Aime-moi

Au Théâtre des Mathurins, Fabien Ducommun poursuit l’épopée intime entamée à La Scala Paris puis au Festival d’Avignon l’été dernier. Avec « Aime-moi », l’artiste suisse qui avait endossé le rôle-titre du « Soldat Rose » de Louis Chédid lors de sa création scénique, mêle récit autobiographique et répertoire des crooners pour proposer une traversée des États-Unis qui devient progressivement exploration de soi. Sur scène, un simple tabouret se métamorphose en Chevrolet baptisée Princesse, véhicule d’une odyssée solitaire de la côte Est au Pacifique.


Le dispositif scénique épuré, signé Christian Kiappe qui cosigne également la mise en scène, privilégie la puissance évocatoire du verbe et de la musique. Accompagné à la guitare électrique par Jean-François Prigent, Fabien Ducommun ponctue son monologue de standards mythiques : « Love Me Tender », « New York, New York », « Nature Boy » surgissent comme autant de jalons mémoriels.

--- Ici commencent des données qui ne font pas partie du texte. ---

(* Let $\mu>-1$, $\beta>0$, $N\ge1$, $Z\in\{G,R\}$, $\omega=x^\mu$. Let $\phi_1,\phi_2$ be real continuous functions on $[0,\infty)$ in $L^2_{x^\mu}(\mathbb R_+)$, $\phi=\phi_1\phi_2$, $\psi_i=\widehat I_{Z,N}^{(\mu,\beta)}\phi_i$ ($i=1,2$). Then $$\Bigl|\int_0^\infty\phi(x)x^\mu dx-\sum_{j=0}^N\phi\bigl(\xi^{(\mu,\beta)}_{Z,N,j}\bigr)\widehat\omega^{(\mu,\beta)}_{Z,N,j}\Bigr| \le\bigl(\|\phi_1\|_\omega+\|\phi_2\|_\omega+\|\psi_1\|_\omega+\|\psi_2\|_\omega\bigr)\bigl(\|\phi_1-\psi_1\|_\omega+\|\phi_2-\psi_2\|_\omega\bigr).$$
   Context: $\|f\|_\omega=(\int_0^\infty|f|^2\omega)^{1/2}$; $P_K$ is the space of polynomials of degree at most $K$. $\mathscr L_n^{(\alpha)}$ is the generalized Laguerre polynomial (orthogonal on $(0,\infty)$ w.r.t. $x^\alpha e^{-x}$), $\widehat{\mathscr L}_n^{(\alpha)}(x)=e^{-x/2}\mathscr L_n^{(\alpha)}(x)$, and $\widehat P_N^{\beta,L}=\{e^{-\beta x/2}p:p\in P_N\}$. Laguerre–Gauss nodes $\xi^{(\mu,\beta)}_{G,N,j}$ ($0\le j\le N$) are the zeros of $\widehat{\mathscr L}^{(\mu)}_{N+1}(\beta x)$; Laguerre–Gauss–Radau nodes $\xi^{(\mu,\beta)}_{R,N,j}$ are the zeros of $x\,\widehat{\mathscr L}^{(\mu+1)}_{N}(\beta x)$. $\widehat I_{Z,N}^{(\mu,\beta)}v$ is the unique element of $\widehat P_N^{\beta,L}$ agreeing with $v$ at these nodes. The weights $\widehat\omega^{(\mu,\beta)}_{Z,N,j}$ are the numbers such that $\int_0^\infty\phi(x)x^\mu dx=\sum_{j}\phi(\xi^{(\mu,\beta)}_{Z,N,j})\widehat\omega^{(\mu,\beta)}_{Z,N,j}$ for all $\phi\in\{e^{-\beta x}p:p\in P_{2N+\lambda_Z}\}$, with $\lambda_G=1$, $\lambda_R=0$ (equivalently $\widehat\omega_{Z,N,j}=e^{\beta\xi_{Z,N,j}}\omega_{Z,N,j}$ where $\omega_{Z,N,j}$ are the Gauss, resp. Gauss–Radau, weights for the weight $x^\mu e^{-\beta x}$). *)

theory Defs
  imports "HOL-Analysis.Analysis" "HOL-Computational_Algebra.Polynomial"
begin

definition laguerre :: "real \<Rightarrow> nat \<Rightarrow> real \<Rightarrow> real" where
  "laguerre \<alpha> n x = (\<Sum>k\<le>n. (-1)^k * ((real n + \<alpha>) gchoose (n - k)) / fact k * x ^ k)"

definition hat_laguerre :: "real \<Rightarrow> nat \<Rightarrow> real \<Rightarrow> real" where
  "hat_laguerre \<alpha> n x = exp (- x / 2) * laguerre \<alpha> n x"

datatype quad_kind = Gauss | Radau

definition lam :: "quad_kind \<Rightarrow> nat" where
  "lam Z = (case Z of Gauss \<Rightarrow> 1 | Radau \<Rightarrow> 0)"

definition lg_nodes :: "quad_kind \<Rightarrow> real \<Rightarrow> real \<Rightarrow> nat \<Rightarrow> real set" where
  "lg_nodes Z \<mu> \<beta> N = (case Z of
      Gauss \<Rightarrow> {x. 0 \<le> x \<and> hat_laguerre \<mu> (N + 1) (\<beta> * x) = 0}
    | Radau \<Rightarrow> {x. 0 \<le> x \<and> x * hat_laguerre (\<mu> + 1) N (\<beta> * x) = 0})"

definition lg_weight :: "quad_kind \<Rightarrow> real \<Rightarrow> real \<Rightarrow> nat \<Rightarrow> real \<Rightarrow> real" where
  "lg_weight Z \<mu> \<beta> N = (THE w. (\<forall>x. x \<notin> lg_nodes Z \<mu> \<beta> N \<longrightarrow> w x = 0) \<and>
      (\<forall>p :: real poly. degree p \<le> 2 * N + lam Z \<longrightarrow>
         (LINT x:{0<..}|lborel. exp (- \<beta> * x) * poly p x * x powr \<mu>) =
         (\<Sum>\<xi>\<in>lg_nodes Z \<mu> \<beta> N. exp (- \<beta> * \<xi>) * poly p \<xi> * w \<xi>)))"

definition lg_interp :: "quad_kind \<Rightarrow> real \<Rightarrow> real \<Rightarrow> nat \<Rightarrow> (real \<Rightarrow> real) \<Rightarrow> real \<Rightarrow> real" where
  "lg_interp Z \<mu> \<beta> N v = (let q = (THE q :: real poly. degree q \<le> N \<and>
        (\<forall>\<xi>\<in>lg_nodes Z \<mu> \<beta> N. exp (- \<beta> * \<xi> / 2) * poly q \<xi> = v \<xi>))
      in (\<lambda>x. exp (- \<beta> * x / 2) * poly q x))"

definition wnorm :: "real \<Rightarrow> (real \<Rightarrow> real) \<Rightarrow> real" where
  "wnorm \<mu> f = sqrt (LINT x:{0<..}|lborel. (f x)\<^sup>2 * x powr \<mu>)"

end

theory Submission
  imports Defs
begin

text \<open>
  Both interpolants \<psi>1, \<psi>2 lie in exp(-\<beta>x/2) P_N, so \<psi>1 \<psi>2 lies in exp(-\<beta>x) P_2N, where the
  quadrature rule is exact; as \<psi>i agrees with \<phi>i at the nodes, the quadrature sum of \<phi>1 \<phi>2 is
  the exact integral of \<psi>1 \<psi>2. The error is then the integral of (\<phi>1 - \<psi>1) \<phi>2 + \<psi>1 (\<phi>2 - \<psi>2)
  against x^\<mu>, and Cauchy-Schwarz bounds both terms.

  The work lies in showing that the rule is well defined and exact. The Laguerre polynomial
  L_n^(\<alpha>)(\<beta>x) is orthogonal to P_(n-1) for the weight x^\<alpha> exp(-\<beta>x) (after expanding, this is an
  n-th finite difference of a polynomial of degree < n), so it has n simple positive zeros. The
  nodes are the zeros of the node polynomial L_(N+1)^(\<mu>)(\<beta>x) (Gauss), resp. x L_N^(\<mu>+1)(\<beta>x)
  (Radau); division with remainder by it shows that the interpolatory weights are exact on
  exp(-\<beta>x) P_(2N+\<lambda>), and that they are the only such weights.
\<close>

section \<open>Products of square-integrable functions\<close>

lemma integrable_mult_if_square_integrable:
  fixes f g :: "'a \<Rightarrow> real"
  assumes [measurable]: "f \<in> borel_measurable M" "g \<in> borel_measurable M"
    and "integrable M (\<lambda>x. (f x)\<^sup>2)" "integrable M (\<lambda>x. (g x)\<^sup>2)"
  shows "integrable M (\<lambda>x. f x * g x)"
proof (rule Bochner_Integration.integrable_bound)
  show "integrable M (\<lambda>x. (f x)\<^sup>2 + (g x)\<^sup>2)"
    using assms(3,4) by simp
  show "AE x in M. norm (f x * g x) \<le> norm ((f x)\<^sup>2 + (g x)\<^sup>2)"
  proof (rule AE_I2)
    fix x
    have "2 * (\<bar>f x\<bar> * \<bar>g x\<bar>) \<le> (f x)\<^sup>2 + (g x)\<^sup>2"
      using sum_squares_bound[of "\<bar>f x\<bar>" "\<bar>g x\<bar>"] by (simp add: mult.assoc)
    moreover have "0 \<le> \<bar>f x\<bar> * \<bar>g x\<bar>" by simp
    ultimately have "\<bar>f x\<bar> * \<bar>g x\<bar> \<le> (f x)\<^sup>2 + (g x)\<^sup>2" by linarith
    thus "norm (f x * g x) \<le> norm ((f x)\<^sup>2 + (g x)\<^sup>2)"
      by (simp add: abs_mult)
  qed
qed simp

definition L2_norm :: "'a measure \<Rightarrow> ('a \<Rightarrow> real) \<Rightarrow> real" where
  "L2_norm M f = sqrt (integral\<^sup>L M (\<lambda>x. (f x)\<^sup>2))"

lemma L2_norm_nonneg: "0 \<le> L2_norm M f"
  by (simp add: L2_norm_def integral_nonneg)

lemma Cauchy_Schwarz_integral:
  fixes f g :: "'a \<Rightarrow> real"
  assumes [measurable]: "f \<in> borel_measurable M" "g \<in> borel_measurable M"
    and f2: "integrable M (\<lambda>x. (f x)\<^sup>2)" and g2: "integrable M (\<lambda>x. (g x)\<^sup>2)"
  shows "\<bar>integral\<^sup>L M (\<lambda>x. f x * g x)\<bar> \<le> L2_norm M f * L2_norm M g"
proof -
  have fg: "integrable M (\<lambda>x. \<bar>f x * g x\<bar>)"
    using integrable_mult_if_square_integrable[OF assms] by simp
  have nn_square: "(\<integral>\<^sup>+x. ennreal \<bar>h x\<bar> ^ 2 \<partial>M) = ennreal (integral\<^sup>L M (\<lambda>x. (h x)\<^sup>2))"
    if [measurable]: "h \<in> borel_measurable M" and "integrable M (\<lambda>x. (h x)\<^sup>2)" for h
    using that(2) by (simp add: ennreal_power nn_integral_eq_integral)
  have "ennreal (integral\<^sup>L M (\<lambda>x. \<bar>f x * g x\<bar>)) ^ 2
      = (\<integral>\<^sup>+x. ennreal \<bar>f x\<bar> * ennreal \<bar>g x\<bar> \<partial>M) ^ 2"
    using fg by (simp add: nn_integral_eq_integral ennreal_mult[symmetric] abs_mult)
  also have "\<dots> \<le> (\<integral>\<^sup>+x. ennreal \<bar>f x\<bar> ^ 2 \<partial>M) * (\<integral>\<^sup>+x. ennreal \<bar>g x\<bar> ^ 2 \<partial>M)"
    by (rule Cauchy_Schwarz_nn_integral) simp_all
  also have "\<dots> = ennreal (integral\<^sup>L M (\<lambda>x. (f x)\<^sup>2) * integral\<^sup>L M (\<lambda>x. (g x)\<^sup>2))"
    using f2 g2 by (simp add: nn_square ennreal_mult')
  finally have "(integral\<^sup>L M (\<lambda>x. \<bar>f x * g x\<bar>))\<^sup>2
      \<le> integral\<^sup>L M (\<lambda>x. (f x)\<^sup>2) * integral\<^sup>L M (\<lambda>x. (g x)\<^sup>2)"
    by (simp add: ennreal_power ennreal_le_iff integral_nonneg)
  hence "integral\<^sup>L M (\<lambda>x. \<bar>f x * g x\<bar>) \<le> L2_norm M f * L2_norm M g"
    unfolding L2_norm_def real_sqrt_mult[symmetric] by (rule real_le_rsqrt)
  moreover have "\<bar>integral\<^sup>L M (\<lambda>x. f x * g x)\<bar> \<le> integral\<^sup>L M (\<lambda>x. \<bar>f x * g x\<bar>)"
    by (rule integral_abs_bound)
  ultimately show ?thesis by linarith
qed

lemma integrable_square_diff:
  fixes f g :: "'a \<Rightarrow> real"
  assumes "f \<in> borel_measurable M" "g \<in> borel_measurable M"
    and "integrable M (\<lambda>x. (f x)\<^sup>2)" "integrable M (\<lambda>x. (g x)\<^sup>2)"
  shows "integrable M (\<lambda>x. (f x - g x)\<^sup>2)"
proof -
  have "integrable M (\<lambda>x. (f x)\<^sup>2 + (g x)\<^sup>2 - 2 * f x * g x)"
    using integrable_mult_if_square_integrable[OF assms] assms(3,4)
    by (intro Bochner_Integration.integrable_diff Bochner_Integration.integrable_add)
       (simp_all add: mult.assoc)
  thus ?thesis by (simp add: power2_diff)
qed

lemma integral_mult_diff_le:
  fixes f1 f2 g1 g2 :: "'a \<Rightarrow> real"
  assumes [measurable]: "f1 \<in> borel_measurable M" "f2 \<in> borel_measurable M"
      "g1 \<in> borel_measurable M" "g2 \<in> borel_measurable M"
    and sq: "integrable M (\<lambda>x. (f1 x)\<^sup>2)" "integrable M (\<lambda>x. (f2 x)\<^sup>2)"
      "integrable M (\<lambda>x. (g1 x)\<^sup>2)" "integrable M (\<lambda>x. (g2 x)\<^sup>2)"
  shows "\<bar>integral\<^sup>L M (\<lambda>x. f1 x * f2 x) - integral\<^sup>L M (\<lambda>x. g1 x * g2 x)\<bar>
           \<le> L2_norm M (\<lambda>x. f1 x - g1 x) * L2_norm M f2 + L2_norm M g1 * L2_norm M (\<lambda>x. f2 x - g2 x)"
proof -
  have d1: "integrable M (\<lambda>x. (f1 x - g1 x)\<^sup>2)" and d2: "integrable M (\<lambda>x. (f2 x - g2 x)\<^sup>2)"
    using integrable_square_diff[of f1 M g1] integrable_square_diff[of f2 M g2] sq by simp_all
  have i: "integrable M (\<lambda>x. f1 x * f2 x)" "integrable M (\<lambda>x. g1 x * f2 x)"
    "integrable M (\<lambda>x. g1 x * g2 x)"
    using assms by (auto intro!: integrable_mult_if_square_integrable)
  have "integral\<^sup>L M (\<lambda>x. (f1 x - g1 x) * f2 x)
      = integral\<^sup>L M (\<lambda>x. f1 x * f2 x) - integral\<^sup>L M (\<lambda>x. g1 x * f2 x)"
    unfolding left_diff_distrib by (rule Bochner_Integration.integral_diff[OF i(1,2)])
  moreover have "integral\<^sup>L M (\<lambda>x. g1 x * (f2 x - g2 x))
      = integral\<^sup>L M (\<lambda>x. g1 x * f2 x) - integral\<^sup>L M (\<lambda>x. g1 x * g2 x)"
    unfolding right_diff_distrib by (rule Bochner_Integration.integral_diff[OF i(2,3)])
  ultimately have "integral\<^sup>L M (\<lambda>x. f1 x * f2 x) - integral\<^sup>L M (\<lambda>x. g1 x * g2 x)
      = integral\<^sup>L M (\<lambda>x. (f1 x - g1 x) * f2 x) + integral\<^sup>L M (\<lambda>x. g1 x * (f2 x - g2 x))"
    by simp
  also have "\<bar>\<dots>\<bar> \<le> L2_norm M (\<lambda>x. f1 x - g1 x) * L2_norm M f2 + L2_norm M g1 * L2_norm M (\<lambda>x. f2 x - g2 x)"
    using Cauchy_Schwarz_integral[of "\<lambda>x. f1 x - g1 x" M f2] Cauchy_Schwarz_integral[of g1 M "\<lambda>x. f2 x - g2 x"]
      sq d1 d2 by simp
  finally show ?thesis .
qed

section \<open>The measure x^\<mu> dx on the half-line\<close>

text \<open>Restricting to (0,\<infinity>) before taking the density makes functions that are only
  continuous on [0,\<infinity>) measurable.\<close>

definition powr_halfline :: "real \<Rightarrow> real measure" where
  "powr_halfline \<mu> = density (restrict_space lborel {0<..}) (\<lambda>x. x powr \<mu>)"

lemma sets_powr_halfline:
  "sets (powr_halfline \<mu>) = sets (restrict_space borel {0<..})"
  by (simp add: powr_halfline_def sets_restrict_space)

lemma borel_measurable_powr_halfline:
  "f \<in> borel_measurable borel \<Longrightarrow> f \<in> borel_measurable (powr_halfline \<mu>)"
  by (simp add: measurable_cong_sets[OF sets_powr_halfline refl] measurable_restrict_space1)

Ces neuf chansons constituent bien plus qu’un habillage musical, elles fonctionnent comme déclencheurs d’une remontée progressive vers les scènes fondatrices d’une existence. L’interprétation vocale du comédien, d’une qualité rare, révèle une tessiture cristalline qui accentue la dimension onirique du propos.


Le texte tisse une narration cinématographique où se superposent temporalités et géographies. Les rencontres effectuées au gré des kilomètres font écho aux figures masculines du passé, questionnant en filigrane les modèles de virilité et les héritages familiaux. Sans pathos ni démonstration appuyée, Fabien Ducommun convoque souvenirs d’enfance, accident d’asthme, désirs confus dans un récit qui évite soigneusement l’écueil de l’autofiction complaisante.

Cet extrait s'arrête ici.